Plaintiffs John J. Fiero (“Fiero”) and Fiero Brothers, Inc. (“Fiero Brothers”) (collectively the “Fieros”) brought this action against defendant Financial Industry Regulatory Authority, Inc. (“FINRA”) seeking a judgment declaring that FINRA cannot recover financial penalties that FINRA imposed on the Fieros following a disciplinary proceeding. FINRA counterclaims to collect those same penalties. Now before the Court are cross-motions to dismiss the parties’ respective complaints pursuant to Federal Rule of Civil Procedure 12(b)(6) (“Rule 12(b)(6)”).

I. BACKGROUND 1

Fiero Brothers was a member of the National Association of Securities Dealers (“NASD”) and a broker-dealer registered with the Securities and Exchange Commission (“SEC”). Fiero was the sole registered representative of Fiero Brothers. The Fieros’ membership in NASD and activities in the securities industry subjected them to the regulation and discipline of NASD.

FINRA is a private non-profit Delaware Corporation and a self-regulatory organization (“SRO”) registered with the SEC as a national securities association pursuant to the Maloney Act of 1938. See 15 U.S.C. § 78o-3, amending the Securities Exchange Act, 15 U.S.C. § 78a — § 78jj (“Exchange Act”). NASD changed its corporate name to FINRA on July 30, 2007. *505 Throughout the period of the Fieros’ membership, FINRA was still known as NASD. 2

A. FINRA’S ROLE AS AN SRO

Because FINRA is an SRO, it straddles the line between a public and a private entity. The D.C. Circuit recently described FINRA’s complex role:

By virtue of its statutory authority, NASD wears two institutional hats: it serves as a professional association, promoting the interests of its members and it serves as a quasi-governmental agency, with express statutory authority to adjudicate actions against members who are accused of illegal securities practices and to sanction members found to have violated the Exchange Act or Securities and Exchange Commission regulations issued pursuant thereto.

National Ass’n of Securities Dealers v. Securities and Exch. Comm’n, 431 F.3d 803, 804 (D.C.Cir.2005) (internal citations omitted); see also 15 U.S.C. § 78o -3(b)(7).
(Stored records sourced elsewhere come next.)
lemma (in prob_space) prob_rank_fails_le:
  fixes c :: "'a \<Rightarrow> 'k" and s :: "'a \<Rightarrow> real"
  assumes "finite I" "i \<in> I" "0 \<le> \<alpha>" "countable C"
    and "c \<in> M \<rightarrow>\<^sub>M count_space C" "s \<in> borel_measurable M"
  shows "measure (\<Pi>\<^sub>M j\<in>I. M) {\<omega>\<in>space (\<Pi>\<^sub>M j\<in>I. M). rank_fails \<alpha> I (c \<circ> \<omega>) (s \<circ> \<omega>) i} \<le> \<alpha>"
proof -
  let ?Q = "\<Pi>\<^sub>M j\<in>I. M"
  let ?E = "\<lambda>i. {\<omega>\<in>space ?Q. rank_fails \<alpha> I (c \<circ> \<omega>) (s \<circ> \<omega>) i}"
  interpret Q: prob_space ?Q by (rule prob_space_PiM) (rule prob_space_axioms)
  have "real (card I) * measure ?Q (?E i) = (\<Sum>i'\<in>I. measure ?Q (?E i'))"
    using prob_rank_fails_eq[OF assms(1) _ assms(2,4-6)] by simp
  also have "\<dots> \<le> \<alpha> * real (card I)"
  proof (rule Q.sum_prob_le_of_card_le)
    show "?E i' \<in> Q.events" if "i' \<in> I" for i'
      using pred_rank_fails[OF assms(1) that assms(4-6)] by (simp add: pred_def)
    show "real (card {i'\<in>I. \<omega> \<in> ?E i'}) \<le> \<alpha> * real (card I)" if "\<omega> \<in> space ?Q" for \<omega>
      using card_rank_fails_le[OF assms(1,3), of "c \<circ> \<omega>" "s \<circ> \<omega>"] that by simp
  qed (fact assms(1))
  finally have "real (card I) * measure ?Q (?E i) \<le> real (card I) * \<alpha>"
    by (simp only: mult.commute)
  moreover have "0 < real (card I)"
    using assms(1,2) card_gt_0_iff by auto
  ultimately show ?thesis by simp
qed

lemma distr_PiM_fun_upd:
  assumes "prob_space M"
  shows "distr ((\<Pi>\<^sub>M j\<in>I. M) \<Otimes>\<^sub>M M) (\<Pi>\<^sub>M j\<in>insert i I. M) (\<lambda>(f, x). f(i := x)) =
    (\<Pi>\<^sub>M j\<in>insert i I. M)"
proof -
  interpret M: prob_space M by fact
  interpret PM: prob_space "\<Pi>\<^sub>M j\<in>I. M" by (rule prob_space_PiM) (rule assms)
  interpret pair_prob_space "\<Pi>\<^sub>M j\<in>I. M" M ..
  have "distr ((\<Pi>\<^sub>M j\<in>I. M) \<Otimes>\<^sub>M M) (\<Pi>\<^sub>M j\<in>insert i I. M) (\<lambda>(f, x). f(i := x))
      = distr (M \<Otimes>\<^sub>M (\<Pi>\<^sub>M j\<in>I. M)) (\<Pi>\<^sub>M j\<in>insert i I. M) (\<lambda>(x, f). f(i := x))"
    by (subst distr_pair_swap) (simp add: distr_distr comp_def case_prod_unfold)
  also have "\<dots> = (\<Pi>\<^sub>M j\<in>insert i I. M)"
    using assms by (intro distr_pair_PiM_eq_PiM)
  finally show ?thesis .
qed

lemma
  assumes "prob_space r" "K \<in> r \<rightarrow>\<^sub>M prob_algebra X"
  shows prob_space_joint_law: "prob_space (joint_law r X K)"
    and sets_joint_law: "sets (joint_law r X K) = sets (r \<Otimes>\<^sub>M X)"
proof -
  have r: "r \<in> space (prob_algebra r)"
    using assms(1) by (simp add: space_prob_algebra)
  have kernel: "(\<lambda>th. distr (K th) (r \<Otimes>\<^sub>M X) (\<lambda>x. (th, x))) \<in> r \<rightarrow>\<^sub>M prob_algebra (r \<Otimes>\<^sub>M X)"
    using assms(2) by measurable
  show "prob_space (joint_law r X K)"
    unfolding joint_law_def using r kernel by (rule prob_space_bind')
  show "sets (joint_law r X K) = sets (r \<Otimes>\<^sub>M X)"
    unfolding joint_law_def using r kernel by (rule sets_bind')
qed

lemma coverage_event_eq:
  fixes J :: "('a \<times> 'x) measure" and \<tau> :: "'x \<Rightarrow> 'a \<Rightarrow> real"
    and \<alpha> :: real and B :: nat and P :: "'a set set"
  assumes part: "countable_partition r P" and fst_J: "fst ` space J \<subseteq> space r"
  defines "S \<equiv> (\<Pi>\<^sub>M b\<in>{..<B}. J) \<Otimes>\<^sub>M J" and "Q \<equiv> \<Pi>\<^sub>M j\<in>insert B {..<B}. J"
  defines "Fail \<equiv> {\<omega>\<in>space Q.
    rank_fails \<alpha> (insert B {..<B}) (cell P \<circ> fst \<circ> \<omega>) ((\<lambda>(t, y). \<tau> y t) \<circ> \<omega>) B}"
  shows "{(D, (th, x)) \<in> space S. th \<in> R_hat r P \<tau> \<alpha> B D x} =
    (\<lambda>(D, z). D(B := z)) -` (space Q - Fail) \<inter> space S"
proof (intro set_eqI)
  fix p :: "(nat \<Rightarrow> 'a \<times> 'x) \<times> 'a \<times> 'x"
  obtain D th x where p: "p = (D, (th, x))" by (cases p) auto
  show "p \<in> {(D, (th, x)) \<in> space S. th \<in> R_hat r P \<tau> \<alpha> B D x} \<longleftrightarrow>
      p \<in> (\<lambda>(D, z). D(B := z)) -` (space Q - Fail) \<inter> space S"
  proof (cases "p \<in> space S")
    case True
    then have "D \<in> space (\<Pi>\<^sub>M b\<in>{..<B}. J)" "(th, x) \<in> space J"
      by (simp_all add: p S_def space_pair_measure)
    then have th: "th \<in> space r" and D: "\<And>b. b < B \<Longrightarrow> fst (D b) \<in> space r"
      using fst_J by (force, auto simp: space_PiM PiE_iff)
    have "(\<lambda>(f, z). f(B := z)) \<in> S \<rightarrow>\<^sub>M Q"
      unfolding S_def Q_def by (rule measurable_add_dim)
    from measurable_space[OF this True] have "D(B := (th, x)) \<in> space Q"
      by (simp add: p)
    then have "p \<in> (\<lambda>(D, z). D(B := z)) -` (space Q - Fail) \<inter> space S \<longleftrightarrow>
        \<not> rank_fails \<alpha> (insert B {..<B}) (cell P \<circ> fst \<circ> D(B := (th, x)))
          ((\<lambda>(t, y). \<tau> y t) \<circ> D(B := (th, x))) B"
      using True by (simp add: p Fail_def)
    also have "\<dots> \<longleftrightarrow> C_hat P \<tau> \<alpha> B D th \<le> ereal (\<tau> x th)"
      using C_hat_le_iff_not_rank_fails[OF part th, of B D] D by simp
    also have "\<dots> \<longleftrightarrow> p \<in> {(D, (th, x)) \<in> space S. th \<in> R_hat r P \<tau> \<alpha> B D x}"
      using True th by (simp add: p R_hat_def)
    finally show ?thesis by (rule sym)
  next
    case False
    then show ?thesis by blast
  qed
qed

lemma prob_coverage_ge:
  fixes J :: "('a \<times> 'x) measure" and \<tau> :: "'x \<Rightarrow> 'a \<Rightarrow> real"
  assumes "prob_space J" and part: "countable_partition r P" and fst_J: "fst ` space J \<subseteq> space r"
    and "cell P \<circ> fst \<in> J \<rightarrow>\<^sub>M count_space P" and "(\<lambda>(t, y). \<tau> y t) \<in> borel_measurable J"
    and "0 \<le> \<alpha>"
  shows "measure ((\<Pi>\<^sub>M b\<in>{..<B}. J) \<Otimes>\<^sub>M J)
      {(D, (th, x)) \<in> space ((\<Pi>\<^sub>M b\<in>{..<B}. J) \<Otimes>\<^sub>M J). th \<in> R_hat r P \<tau> \<alpha> B D x} \<ge> 1 - \<alpha>"
proof -
  interpret J: prob_space J by fact
  define Q where "Q = (\<Pi>\<^sub>M j\<in>insert B {..<B}. J)"
  define Fail where "Fail = {\<omega>\<in>space Q.
    rank_fails \<alpha> (insert B {..<B}) (cell P \<circ> fst \<circ> \<omega>) ((\<lambda>(t, y). \<tau> y t) \<circ> \<omega>) B}"
  interpret Q: prob_space Q
    unfolding Q_def by (rule prob_space_PiM) (rule J.prob_space_axioms)
  have "countable P"
    using part by (simp add: countable_partition_def)
  then have "Fail \<in> sets Q" "measure Q Fail \<le> \<alpha>"
    using pred_rank_fails[of "insert B {..<B}" B P "cell P \<circ> fst" J _ \<alpha>]
      J.prob_rank_fails_le[of "insert B {..<B}" B \<alpha> P "cell P \<circ> fst"] assms(4-6)
    by (simp_all add: Fail_def Q_def pred_def)
  have "measure ((\<Pi>\<^sub>M b\<in>{..<B}. J) \<Otimes>\<^sub>M J) {(D, (th, x)) \<in> space ((\<Pi>\<^sub>M b\<in>{..<B}. J) \<Otimes>\<^sub>M J).
      th \<in> R_hat r P \<tau> \<alpha> B D x} =
    measure ((\<Pi>\<^sub>M b\<in>{..<B}. J) \<Otimes>\<^sub>M J)
      ((\<lambda>(f, z). f(B := z)) -` (space Q - Fail) \<inter> space ((\<Pi>\<^sub>M b\<in>{..<B}. J) \<Otimes>\<^sub>M J))"
    unfolding Q_def Fail_def coverage_event_eq[OF part fst_J] ..
  also have "\<dots> = measure (distr ((\<Pi>\<^sub>M b\<in>{..<B}. J) \<Otimes>\<^sub>M J) Q (\<lambda>(f, z). f(B := z))) (space Q - Fail)"
    using \<open>Fail \<in> sets Q\<close> unfolding Q_def by (intro measure_distr[symmetric] measurable_add_dim) simp
  also have "\<dots> = measure Q (space Q - Fail)"
    unfolding Q_def by (simp only: distr_PiM_fun_upd[OF J.prob_space_axioms])
  also have "\<dots> = 1 - measure Q Fail"
    using \<open>Fail \<in> sets Q\<close> by (rule Q.prob_compl)
  finally show ?thesis
    using \<open>measure Q Fail \<le> \<alpha>\<close> by simp
qed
As part of FINRA’s mandate, it has the responsibility to “promulgate and enforce rules governing the conduct of its members.” Barbara v. New York Stock Exchange, 99 F.3d 49, 51 (2d Cir.1996) (citing 15 U.S.C. § 78f(b), 78s(g)) (discussing the role of an SRO). In fact, federal law prohibits the SEC from approving an SRO until it determines that:

The rules of the association provide that ... its members and persons associated with its members shall be appropriately disciplined for violation of any provision of this chapter, the rules or regulations thereunder, ... or the rules of the association, by expulsion, suspension, limitation of activities, functions, and operations, fine, censure, being suspended or barred from being associated with a member, or any other fitting sanction.
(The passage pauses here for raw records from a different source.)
theorem theorem1:
  "\<exists>C>0. \<forall>(V::'a set) E n p \<delta>.
     ugraph V E \<and> gconnected V E \<and> card V = n \<and> 0 < p \<and> p < 1/2 \<and> 0 < \<delta> \<and> \<delta> < 1/2 \<longrightarrow>
     (\<exists>T alg out.
        real T \<le> (1 / Icap p) * (log 2 (real n) + C * sqrt (ln (real n) * ln (1/\<delta>)) + C * ln (1/\<delta>))
        \<and> valid_alg V alg
        \<and> (\<forall>t\<in>V. \<forall>cor err. valid_adv V E t cor err \<longrightarrow>
              success_prob alg out cor err p T t \<ge> 1 - \<delta>))"
  by (intro exI[of _ "4000000 :: real"] conjI allI impI) (simp, blast intro: median_search_succeeds)

end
15 U.S.C. § 78o -3(b)(7). In exercising these powers, the Exchange Act also requires SROs to “provide a fair procedure for the disciplining of members.” 15 U.S.C. § 78o -3(b)(8). Further, because FINRA is a quasi-governmental agency, federal law subjects FINRA to extensive oversight. For example, “the SEC has ... the responsibility to approve or reject any rule, practice, policy, or interpretation proposed by an SRO.” DL Capital Group, LLC v. Nasdaq Stock Market, Inc., 409 F.3d 93, 95 (2d Cir.2005); see also 15 U.S.C. § 78s.
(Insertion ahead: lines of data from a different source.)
lemma expectation_minus_quantile_integral_eq:
  fixes \<phi> r :: "real \<Rightarrow> real"
  assumes cvx: "convex_on UNIV \<phi>" and monotone: "mono \<phi> \<or> antimono \<phi>"
    and [measurable]: "r \<in> borel_measurable borel"
    and integrable_quantiles: "set_integrable lborel {a<..<b} (\<lambda>u. \<phi> (r u - Q0 u))"
    and integrable_Y: "integrable M (\<lambda>\<omega>. \<phi> (Y1 \<omega> - Y0 \<omega>) * indicator {a<..<b} (U \<omega>))"
  shows "(\<integral>\<omega>. \<phi> (Y1 \<omega> - Y0 \<omega>) * indicator {a<..<b} (U \<omega>) \<partial>M) - (LINT u:{a<..<b}|lborel. \<phi> (r u - Q0 u))
    = (\<integral>t. (\<integral>\<omega>. indicator {a<..<b} (U \<omega>) *
          ((of_bool (t < Y1 \<omega>) - of_bool (t < r (U \<omega>))) * right_deriv \<phi> (t - Q0 (U \<omega>))) \<partial>M) \<partial>lborel)"
proof -
  have [measurable]: "\<phi> \<in> borel_measurable borel"
    using convex_on_continuous[OF open_UNIV cvx] by (rule borel_measurable_continuous_onI)
  have "{a<..<b} \<subseteq> {0..1}"
    using interval by auto
  note uniform = uniform_integral_indicator[OF measurable_U _ _ uniform_U this, of "\<lambda>u. \<phi> (r u - Q0 u)"]
  have integrable_U: "integrable M (\<lambda>\<omega>. \<phi> (r (U \<omega>) - Q0 (U \<omega>)) * indicator {a<..<b} (U \<omega>))"
    using uniform(1) integrable_quantiles by simp
  then have integrable_diff: "integrable M (\<lambda>\<omega>. \<phi> (Y1 \<omega> - Y0 \<omega>) * indicator {a<..<b} (U \<omega>)
      - \<phi> (r (U \<omega>) - Q0 (U \<omega>)) * indicator {a<..<b} (U \<omega>))"
    using integrable_Y by auto
  have AE_eq: "AE \<omega> in M. \<phi> (Y1 \<omega> - Y0 \<omega>) * indicator {a<..<b} (U \<omega>)
      - \<phi> (r (U \<omega>) - Q0 (U \<omega>)) * indicator {a<..<b} (U \<omega>)
      = indicator {a<..<b} (U \<omega>) * (\<phi> (Y1 \<omega> - Q0 (U \<omega>)) - \<phi> (r (U \<omega>) - Q0 (U \<omega>)))"
    using coupling by eventually_elim (simp add: algebra_simps)
  have "(\<integral>\<omega>. \<phi> (Y1 \<omega> - Y0 \<omega>) * indicator {a<..<b} (U \<omega>) \<partial>M) - (LINT u:{a<..<b}|lborel. \<phi> (r u - Q0 u))
      = (\<integral>\<omega>. \<phi> (Y1 \<omega> - Y0 \<omega>) * indicator {a<..<b} (U \<omega>)
          - \<phi> (r (U \<omega>) - Q0 (U \<omega>)) * indicator {a<..<b} (U \<omega>) \<partial>M)"
    using uniform(2) Bochner_Integration.integral_diff[OF integrable_Y integrable_U] by simp
  also have "\<dots> = (\<integral>\<omega>. indicator {a<..<b} (U \<omega>) * (\<phi> (Y1 \<omega> - Q0 (U \<omega>)) - \<phi> (r (U \<omega>) - Q0 (U \<omega>))) \<partial>M)"
    by (rule integral_cong_AE) (use AE_eq in auto)
  also have "\<dots> = (\<integral>t. (\<integral>\<omega>. indicator {a<..<b} (U \<omega>) *
          ((of_bool (t < Y1 \<omega>) - of_bool (t < r (U \<omega>))) * right_deriv \<phi> (t - Q0 (U \<omega>))) \<partial>M) \<partial>lborel)"
  proof (rule integral_convex_increment_eq_integral_right_deriv[OF _ _ _ _ _ cvx monotone])
    show "integrable M (\<lambda>\<omega>. indicator {a<..<b} (U \<omega>) * (\<phi> (Y1 \<omega> - Q0 (U \<omega>)) - \<phi> (r (U \<omega>) - Q0 (U \<omega>))))"
      by (rule integrable_cong_AE_imp[OF integrable_diff _ AE_eq]) measurable
  qed (auto intro: prob_space_imp_sigma_finite prob_space_axioms)
  finally show ?thesis .
qed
NASD’s rules are embodied in its Rules and Regulations. NASD disciplinary procedures can be found in Rules 9100-9800 (“NASD Rules”). 3 The NASD Rules require specific procedures for formulating the a complaint, providing service of process, discovery, and the other attributes that epitomize our notion of fair process. See NASD Rules 9211-9290. The NASD Rules further allow for appeal of a NASD ruling to the National Adjudicatory Council (“NAC”), see Rule 9311, and discretionary review by the NASD Board, see Rule 9351. Finally, a member may appeal to the SEC for review of an NAC ruling and may then appeal the SEC’s decision to the appropriate federal Court of Appeals. See 15 U.S.C. § 78s(d)(2), § 78y(a). If the member appeals an imposed fine to .the SEC, and the SEC affirms the fine, the SEC is statutorily authorized to seek en *506 forcement of the fine in federal court. See 15 U.S.C. § 78u(e). Even if the member does not request such review, the Exchange Act requires FINRA to report any disciplinary decisions to the SEC and the SEC can review any decision on its own initiative. See 15 U.S.C. § 78s(d)(l), (2).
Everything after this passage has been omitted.